There are always problems adapting a villain into a story protagonist. Harley Quinn is implied to have a warped morality, but no morality is present in this issue other than her own. She murders a customer service representative in the busy Los Angeles airport, steals a police car as an officer watches, and pushes a company mascot in front of a bus on a crowded street. This isn't "cartoon violence," either; characters are shown clearly suffering from Harley's actions. Yet no one in Harley's world even attempts to stop her from committing these villainous acts. The only "heroes" present are prostitutes in costumes. Do heroes only exist in Harley's dreams?
Issue co-writer Jimmy Palmiotti liberally sprinkled the same sorts of violence throughout All-Star Western, and it worked there. Bounty hunter Jonah Hex lived in an Old West devoid of law and order. More importantly, despite his flaws Hex was an anti-hero devoted to bringing to justice the fiends who committed these types of atrocities.

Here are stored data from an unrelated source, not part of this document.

(* Let $P$ be a non-invertible bounded normal operator in a Hilbert space $\mathcal H$, and suppose either there exists $\gamma\in(0,\pi/2)$ such that $\sigma(P)\subset\overline{\mathcal C_\gamma}$, or $\gamma=0$ and $P$ is non-negative self-adjoint. Then (a) for $q\in(-\mathcal C_{\pi-\gamma})\cup\mathcal D(0,1/\|P\|)$, $I-qP$ is invertible and $\|(I-qP)^{-1}\|=\max_{\lambda\in\sigma(P)}|1-q\lambda|^{-1}$; (b) for any $\gamma'\in(\gamma,\pi/2)$, $\|(I-qP)^{-1}\|\le 1/\sin(\gamma'-\gamma)$ for all $q\in-\mathcal C_{\pi-\gamma'}$; (c) for any $r\in(0,1)$ there exists $C(r)$ independent of $\gamma$ such that if $\sin\gamma\in(0,1-r)$, then $\|(I-qP)^{-1}\|\le C(r)/|1-q\|P\||$ for all $q\in\mathcal D(0,(1-\sin\gamma)/\|P\|)$; (d) if $P\ge0$ is self-adjoint, then $\|(I-qP)^{-1}\|\le 4/|1-q\|P\||$ for all $q\in\mathcal D(0,1/\|P\|)$.
   Context: $\mathcal C_\gamma=\{\rho e^{i\varphi}:\rho>0,\ \varphi\in(-\gamma,\gamma)\}$ (for $\gamma=0$ its closure is understood as $[0,+\infty)$), $-\mathcal C_\gamma=\{-z:z\in\mathcal C_\gamma\}$, an overline denotes closure, $\sigma(P)$ is the spectrum of $P$, and $\mathcal D(0,r)$ is the open disc of radius $r$ centered at $0$. *)

theory Defs
  imports "HOL-Analysis.Analysis"
begin

class complex_vector_space = real_vector +
  fixes scaleC :: "complex \<Rightarrow> 'a \<Rightarrow> 'a" (infixr "*\<^sub>C" 75)
  assumes scaleC_add_right: "a *\<^sub>C (x + y) = a *\<^sub>C x + a *\<^sub>C y"
    and scaleC_add_left: "(a + b) *\<^sub>C x = a *\<^sub>C x + b *\<^sub>C x"
    and scaleC_scaleC: "a *\<^sub>C (b *\<^sub>C x) = (a * b) *\<^sub>C x"
    and scaleC_one: "1 *\<^sub>C x = x"
    and scaleC_of_real: "complex_of_real r *\<^sub>C x = r *\<^sub>R x"

class complex_inner = complex_vector_space + real_normed_vector +
  fixes cinner :: "'a \<Rightarrow> 'a \<Rightarrow> complex"
  assumes cinner_commute: "cinner x y = cnj (cinner y x)"
    and cinner_add_left: "cinner (x + y) z = cinner x z + cinner y z"
    and cinner_scaleC_left: "cinner (a *\<^sub>C x) y = cnj a * cinner x y"
    and cinner_self_real: "Im (cinner x x) = 0"
    and cinner_self_nonneg: "0 \<le> Re (cinner x x)"
    and cinner_self_eq_zero: "cinner x x = 0 \<longleftrightarrow> x = 0"
    and norm_eq_sqrt_cinner: "norm x = sqrt (Re (cinner x x))"

class chilbert_space = complex_inner + complete_space

definition bounded_clinear :: "('a::complex_inner \<Rightarrow> 'b::complex_inner) \<Rightarrow> bool" where
  "bounded_clinear f \<longleftrightarrow> bounded_linear f \<and> (\<forall>c x. f (c *\<^sub>C x) = c *\<^sub>C f x)"

definition is_adjoint :: "('a::complex_inner \<Rightarrow> 'a) \<Rightarrow> ('a \<Rightarrow> 'a) \<Rightarrow> bool" where
  "is_adjoint P Q \<longleftrightarrow> (\<forall>x y. cinner (P x) y = cinner x (Q y))"

definition normal_op :: "('a::complex_inner \<Rightarrow> 'a) \<Rightarrow> bool" where
  "normal_op P \<longleftrightarrow> bounded_clinear P \<and>
     (\<exists>Q. bounded_clinear Q \<and> is_adjoint P Q \<and> P \<circ> Q = Q \<circ> P)"

definition selfadjoint_op :: "('a::complex_inner \<Rightarrow> 'a) \<Rightarrow> bool" where
  "selfadjoint_op P \<longleftrightarrow> bounded_clinear P \<and> is_adjoint P P"

definition nonneg_op :: "('a::complex_inner \<Rightarrow> 'a) \<Rightarrow> bool" where
  "nonneg_op P \<longleftrightarrow> (\<forall>x. Im (cinner (P x) x) = 0 \<and> 0 \<le> Re (cinner (P x) x))"

definition op_invertible :: "('a::complex_inner \<Rightarrow> 'a) \<Rightarrow> bool" where
  "op_invertible T \<longleftrightarrow> bounded_clinear T \<and>
     (\<exists>S. bounded_clinear S \<and> S \<circ> T = id \<and> T \<circ> S = id)"

definition op_spectrum :: "('a::complex_inner \<Rightarrow> 'a) \<Rightarrow> complex set" where
  "op_spectrum P = {\<mu>. \<not> op_invertible (\<lambda>x. \<mu> *\<^sub>C x - P x)}"

definition sector :: "real \<Rightarrow> complex set" where
  "sector \<gamma> = {z. \<exists>\<rho> \<phi>. \<rho> > 0 \<and> -\<gamma> < \<phi> \<and> \<phi> < \<gamma> \<and> z = complex_of_real \<rho> * cis \<phi>}"

definition res_op :: "complex \<Rightarrow> ('a::complex_inner \<Rightarrow> 'a) \<Rightarrow> ('a \<Rightarrow> 'a)" where
  "res_op q P = inv (\<lambda>x. x - q *\<^sub>C P x)"

definition thm_hyp :: "('a::complex_inner \<Rightarrow> 'a) \<Rightarrow> real \<Rightarrow> bool" where
  "thm_hyp P \<gamma> \<longleftrightarrow> normal_op P \<and> \<not> op_invertible P \<and>
     ((0 < \<gamma> \<and> \<gamma> < pi/2 \<and> op_spectrum P \<subseteq> closure (sector \<gamma>)) \<or>
      (\<gamma> = 0 \<and> selfadjoint_op P \<and> nonneg_op P))"

end

theory Submission
  imports Defs "HOL-Complex_Analysis.Cauchy_Integral_Formula"
begin

(* The heart of the proof is the identity ||T^-1|| = 1 / min {|z| : z in sigma(T)} for an
   invertible normal operator T, applied to T = I - qP, whose spectrum is
   {1 - q mu : mu in sigma(P)}.  The lower bound holds for every invertible operator, by a
   Neumann series perturbation.  For the upper bound, let d be the distance from 0 to sigma(T).
   The map l |-> (T - l)^-1 is holomorphic on the disc |l| < d and its Taylor coefficients
   at 0 are the powers T^-(n+1), so the Cauchy estimates give ||T^-(n+1)|| <= B / rho^n for
   every rho < d.  Normality gives ||T^-1||^(2^k) <= ||T^-(2^k)||, and letting k grow yields
   ||T^-1|| <= 1 / rho.
   Parts (b)-(d) then reduce to elementary lower bounds for |1 - q mu| with mu in the closed
   sector; a nonnegative self-adjoint operator has its spectrum in [0, infinity), and in (c)
   the constant C(r) = 4 works for every r. *)

subclass (in chilbert_space) banach ..

declare scaleC_one [simp] scaleC_scaleC [simp]

lemma scaleC_zero_left [simp]: "0 *\<^sub>C (x::'a::complex_vector_space) = 0"
  using scaleC_of_real[of 0 x] by simp

lemma scaleC_zero_right [simp]: "a *\<^sub>C (0::'a::complex_vector_space) = 0"
  using scaleC_add_right[of a 0 0] by simp

lemma scaleR_eq_scaleC: "r *\<^sub>R (x::'a::complex_vector_space) = complex_of_real r *\<^sub>C x"
  by (simp add: scaleC_of_real)

lemma uminus_eq_scaleC: "- (x::'a::complex_vector_space) = (-1) *\<^sub>C x"
  using scaleC_of_real[of "-1" x] by simp

lemma scaleC_minus_right: "a *\<^sub>C (- x) = - (a *\<^sub>C (x::'a::complex_vector_space))"
  by (simp only: uminus_eq_scaleC[of x] uminus_eq_scaleC[of "a *\<^sub>C x"] scaleC_scaleC mult.commute)

lemma scaleC_minus_left: "(- a) *\<^sub>C x = - (a *\<^sub>C (x::'a::complex_vector_space))"
  by (simp only: uminus_eq_scaleC[of "a *\<^sub>C x"] scaleC_scaleC) simp

lemma scaleC_diff_right: "a *\<^sub>C (x - y) = a *\<^sub>C x - a *\<^sub>C (y::'a::complex_vector_space)"
  by (simp only: diff_conv_add_uminus scaleC_add_right scaleC_minus_right)

lemma scaleC_diff_left: "(a - b) *\<^sub>C x = a *\<^sub>C x - b *\<^sub>C (x::'a::complex_vector_space)"
  by (simp only: diff_conv_add_uminus scaleC_add_left scaleC_minus_left)

lemma cinner_zero_left [simp]: "cinner 0 (y::'a::complex_inner) = 0"
  using cinner_add_left[of 0 0 y] by simp

lemma cinner_zero_right [simp]: "cinner (x::'a::complex_inner) 0 = 0"
  using cinner_commute[of x 0] by simp

lemma cinner_add_right: "cinner (x::'a::complex_inner) (y + z) = cinner x y + cinner x z"
  by (metis cinner_add_left cinner_commute complex_cnj_add)

lemma cinner_scaleC_right: "cinner (x::'a::complex_inner) (a *\<^sub>C y) = a * cinner x y"
  by (metis cinner_commute cinner_scaleC_left complex_cnj_cnj complex_cnj_mult)

lemma cinner_diff_left: "cinner (x - y) (z::'a::complex_inner) = cinner x z - cinner y z"
  using cinner_add_left[of "x - y" y z] by (simp add: algebra_simps)

lemma cinner_diff_right: "cinner x (y - z::'a::complex_inner) = cinner x y - cinner x z"
  using cinner_add_right[of x "y - z" z] by (simp add: algebra_simps)

lemma cinner_self_eq_norm: "cinner x (x::'a::complex_inner) = complex_of_real ((norm x)\<^sup>2)"
  using norm_eq_sqrt_cinner[of x] cinner_self_nonneg[of x] cinner_self_real[of x]
  by (simp add: complex_eq_iff)

lemma norm_scaleC: "norm (a *\<^sub>C (x::'a::complex_inner)) = cmod a * norm x"
proof -
  have "complex_of_real ((norm (a *\<^sub>C x))\<^sup>2) = cinner (a *\<^sub>C x) (a *\<^sub>C x)"
    by (rule cinner_self_eq_norm[symmetric])
  also have "\<dots> = (cnj a * a) * cinner x x"
    by (simp add: cinner_scaleC_left cinner_scaleC_right)
  also have "cnj a * a = complex_of_real ((cmod a)\<^sup>2)"
    by (metis complex_norm_square mult.commute)
  finally have "(norm (a *\<^sub>C x))\<^sup>2 = (cmod a * norm x)\<^sup>2"
    by (simp only: cinner_self_eq_norm of_real_mult[symmetric] of_real_eq_iff power_mult_distrib)
  then show ?thesis by (simp add: power2_eq_iff_nonneg)
qed

lemma Re_cinner_le_norm: "Re (cinner x (y::'a::complex_inner)) \<le> norm x * norm y"
proof (cases "x = 0 \<or> y = 0")
  case True then show ?thesis by auto
next
  case False
  then have "0 < norm x * norm y" by simp
  define a where "a = complex_of_real (norm y)"
  define b where "b = complex_of_real (norm x)"
  have "0 \<le> Re (cinner (a *\<^sub>C x - b *\<^sub>C y) (a *\<^sub>C x - b *\<^sub>C y))"
    by (rule cinner_self_nonneg)
  also have "\<dots> = 2 * (norm x * norm y) * (norm x * norm y - Re (cinner x y))"
    using cinner_commute[of y x]
    by (simp add: a_def b_def cinner_diff_left cinner_diff_right cinner_scaleC_left
        cinner_scaleC_right cinner_self_eq_norm[of x] cinner_self_eq_norm[of y] power2_eq_square
        algebra_simps)
  finally show ?thesis
    using \<open>0 < norm x * norm y\<close> by (simp add: zero_le_mult_iff)
qed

By comparison, Harley Quinn is set in modern-day Los Angeles starring a mentally damaged villain. L.A. is not a lawless place located sometime in the distant and barbarous past. What good are Batman and Superman if they let a Harley Quinn run free to murder citizens of America's largest city? What's the point of using L.A. as a backdrop if there's no police or other public servant striving to enforce the rule of law?
I guess what I'm saying is that it damages the verisimilitude a shared comic book universe if inhabitants of that universe are allowed to kill, maim, and steal without recourse. I guess I'm also saying that murder isn't a very funny punchline. But what do I know?
Harley Quinn #20 sold more than 56,000 copies, more than any single issue of Booster Gold outside the "Blackest Night" crossover event. So the next time you question one of DC's decisions, remember that sex, violence, and death sell comics, not story or character. The market has spoken.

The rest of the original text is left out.